My workflow for each change was dead simple:

  • I wrote my plain English change request in a file called prompt.txt.

  • I fed the prompt and the entire codebase to gpt-3.5-turbo via the aichat tool.

    • cat prompt.txt chat.html | aichat -r webdev > tmp.html && cp tmp.html chat.html
  • Each time, ChatGPT returned a modified version of the codebase, implementing my requested changes.

  • I did a git diff to review what ChatGPT had changed and tried out the resulting system.

    • If it was good, git commit -F prompt.txt
    • If it wasn't right, I would use git stash to discard the changes, adjust the prompt and try again.

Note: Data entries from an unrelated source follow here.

lemma conj_permutes:
  assumes "g permutes S" "s permutes S"
  shows "(g \<circ> s \<circ> inv g) permutes S"
  using assms by (meson permutes_compose permutes_inv)

lemma conj_eq_self_iff:
  assumes "g permutes S"
  shows "g \<circ> s \<circ> inv g = s \<longleftrightarrow> g \<circ> s = s \<circ> g"
proof
  have "(g \<circ> s \<circ> inv g) \<circ> g = g \<circ> s" using assms by (simp add: comp_assoc permutes_inv_o)
  then show "g \<circ> s \<circ> inv g = s \<Longrightarrow> g \<circ> s = s \<circ> g" by simp
qed (use assms in \<open>simp add: comp_assoc permutes_inv_o\<close>)

lemma moved_conj:
  assumes "g permutes S"
  shows "moved (g \<circ> s \<circ> inv g) S = g ` moved s S"
proof (intro set_eqI iffI)
  fix y assume "y \<in> moved (g \<circ> s \<circ> inv g) S"
  then show "y \<in> g ` moved s S"
    using assms by (auto simp: moved_def permutes_inverses permutes_in_image permutes_inv
        intro!: image_eqI[where x="inv g y"])
qed (use assms in \<open>auto simp: moved_def permutes_inverses permutes_in_image inj_eq permutes_inj\<close>)

lemma disj_transp_conj:
  assumes "g permutes S" "disj_transp S m s"
  shows "disj_transp S m (g \<circ> s \<circ> inv g)"
proof -
  have "card (moved (g \<circ> s \<circ> inv g) S) = card (moved s S)"
    using assms(1) by (simp add: moved_conj card_image permutes_inj_on)
  with assms show ?thesis
    by (auto simp: disj_transp_def conj_permutes permutes_inverses)
qed
theorem theorem1:
  fixes n l :: nat and b B Z K :: real
    and p :: "nat \<Rightarrow> real \<Rightarrow> complex"
    and \<omega> :: "nat \<Rightarrow> complex"
    and y :: "nat \<Rightarrow> complex \<Rightarrow> real \<Rightarrow> complex"
    and \<gamma> :: "complex \<Rightarrow> nat \<Rightarrow> nat \<Rightarrow> complex"
  assumes n: "n \<ge> 2" and b: "b > 0"
    and p_smooth: "\<forall>k\<le>n-2. smooth_fun (p k)"
    and p_periodic: "\<forall>k\<le>n-2. periodic_fun b (p k)"
    and l: "l \<le> 2 * n - 1"
    and B: "B \<ge> b"
    and \<omega>_roots: "\<forall>j\<in>{1..n}. \<omega> j ^ n = 1"
    and \<omega>_distinct: "inj_on \<omega> {1..n}"
    and ZK: "Z > 0" "K > 0"
    and sol: "\<forall>\<zeta>\<in>sector n l. cmod \<zeta> > Z \<longrightarrow> (\<forall>j\<in>{1..n}. is_solution n p \<zeta> (y j \<zeta>))"
    and indep: "\<forall>\<zeta>\<in>sector n l. cmod \<zeta> > Z \<longrightarrow> lin_indep_funs n (\<lambda>j. y j \<zeta>)"
    and asym: "\<forall>\<zeta>\<in>sector n l. cmod \<zeta> > Z \<longrightarrow>
       (\<forall>j\<in>{1..n}. \<forall>k\<in>{1..n}. \<forall>x\<in>{0..B}.
          cmod (nth_vderiv (k - 1) (y j \<zeta>) x /
                (\<omega> j ^ (k - 1) * \<zeta> ^ (k - 1) * exp (\<omega> j * \<zeta> * complex_of_real x)) - 1)
          \<le> K / cmod \<zeta>)"
    and shift: "\<forall>\<zeta>\<in>sector n l. cmod \<zeta> > Z \<longrightarrow>
       (\<forall>j\<in>{1..n}. \<forall>x. y j \<zeta> (x + b) = (\<Sum>i=1..n. \<gamma> \<zeta> i j * y i \<zeta> x))"
  shows "\<exists>C R. \<forall>\<zeta>\<in>sector n l. cmod \<zeta> > R \<longrightarrow>
           (\<forall>i\<in>{1..n}. \<forall>j\<in>{1..n}.
              cmod (\<gamma> \<zeta> i j - exp (\<omega> j * \<zeta> * complex_of_real b) * (if i = j then 1 else 0))
              \<le> cmod (exp (\<omega> j * \<zeta> * complex_of_real b)) * (C / cmod \<zeta>))"
proof (intro exI ballI impI)
  fix \<zeta> i j
  assume \<zeta>: "\<zeta> \<in> sector n l" "cmod \<zeta> > max Z (2 * real n * K)" and ij: "i \<in> {1..n}" "j \<in> {1..n}"
  have "\<zeta> \<noteq> 0" "cmod \<zeta> > Z"
    using \<zeta> ZK by auto
  have \<omega>_nonzero: "\<omega> i \<noteq> 0" if "i \<in> {1..n}" for i
    using \<omega>_roots that n by (metis power_0_left zero_neq_one not_numeral_le_zero)
  define E where "E = exp (\<omega> j * \<zeta> * complex_of_real b)"
  define A where "A k i = nth_vderiv k (y i \<zeta>) 0 / (\<omega> i ^ k * \<zeta> ^ k)" for k i
  define D where "D k = nth_vderiv k (y j \<zeta>) b / (\<omega> j ^ k * \<zeta> ^ k * E)" for k
  have asym\<zeta>: "cmod (nth_vderiv k (y i \<zeta>) x
      / (\<omega> i ^ k * \<zeta> ^ k * exp (\<omega> i * \<zeta> * complex_of_real x)) - 1) \<le> K / cmod \<zeta>"
    if "k < n" "i \<in> {1..n}" "x \<in> {0..B}" for k i x
  proof -
    have "Suc k \<in> {1..n}"
      using that by simp
    then show ?thesis
      using asym \<zeta>(1) \<open>cmod \<zeta> > Z\<close> that(2,3) by (metis diff_Suc_1)
  qed
  have A: "cmod (A k i - 1) \<le> K / cmod \<zeta>" if "k < n" "i \<in> {1..n}" for k i
    using asym\<zeta>[OF that, of 0] B b by (simp add: A_def)
  have D: "cmod (D k - 1) \<le> K / cmod \<zeta>" if "k < n" for k
    using asym\<zeta>[OF that ij(2), of b] B b by (simp add: D_def E_def)
  have "E \<noteq> 0"
    by (simp add: E_def)
  have system: "E * \<omega> j ^ k * D k = (\<Sum>i=1..n. \<gamma> \<zeta> i j * \<omega> i ^ k * A k i)" if "k < n" for k
    unfolding A_def D_def using sol shift \<zeta>(1) \<open>cmod \<zeta> > Z\<close> ij(2) \<omega>_nonzero \<open>E \<noteq> 0\<close> that
    by (intro scaled_shift_system) (auto simp: is_solution_def)
  have "2 * real n * K < cmod \<zeta>"
    using \<zeta>(2) by simp
  then have small: "real n * (K / cmod \<zeta>) \<le> 1 / 2"
    using \<open>\<zeta> \<noteq> 0\<close> by (simp add: field_simps)
  from perturbed_roots_of_unity_system[OF \<omega>_roots \<omega>_distinct ij(2) \<open>E \<noteq> 0\<close> small A D system ij(1)]
  show "cmod (\<gamma> \<zeta> i j - exp (\<omega> j * \<zeta> * complex_of_real b) * (if i = j then 1 else 0))
        \<le> cmod (exp (\<omega> j * \<zeta> * complex_of_real b)) * (4 * real n * K / cmod \<zeta>)"
    by (simp add: E_def)
qed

I used the roles feature of aichat to set up a webdev role with a system prompt like this:

I want you to act as a web development expert. I want you to answer only with code. Make the requested change to the provided code and output the changed code. MAKE NO OTHER CHANGES! Do not provide explanations!

Limitations

My workflow broke down when the size of the prompt and codebase exceeded the context window for the gpt-3.5-turbo model. I experimented with numerous other workflows to try and work around this limit, but with little consistent success.

Ultimately I refactored the js and css into their own files, and began feeding ChatGPT excerpts from the code that were relevant to each change I needed. This wasn't always successful, as it often wanted to (re)write the code that I wasn't showing it.

I look forward to GPT-4 API access, where I can take advantage of the 32k token context window.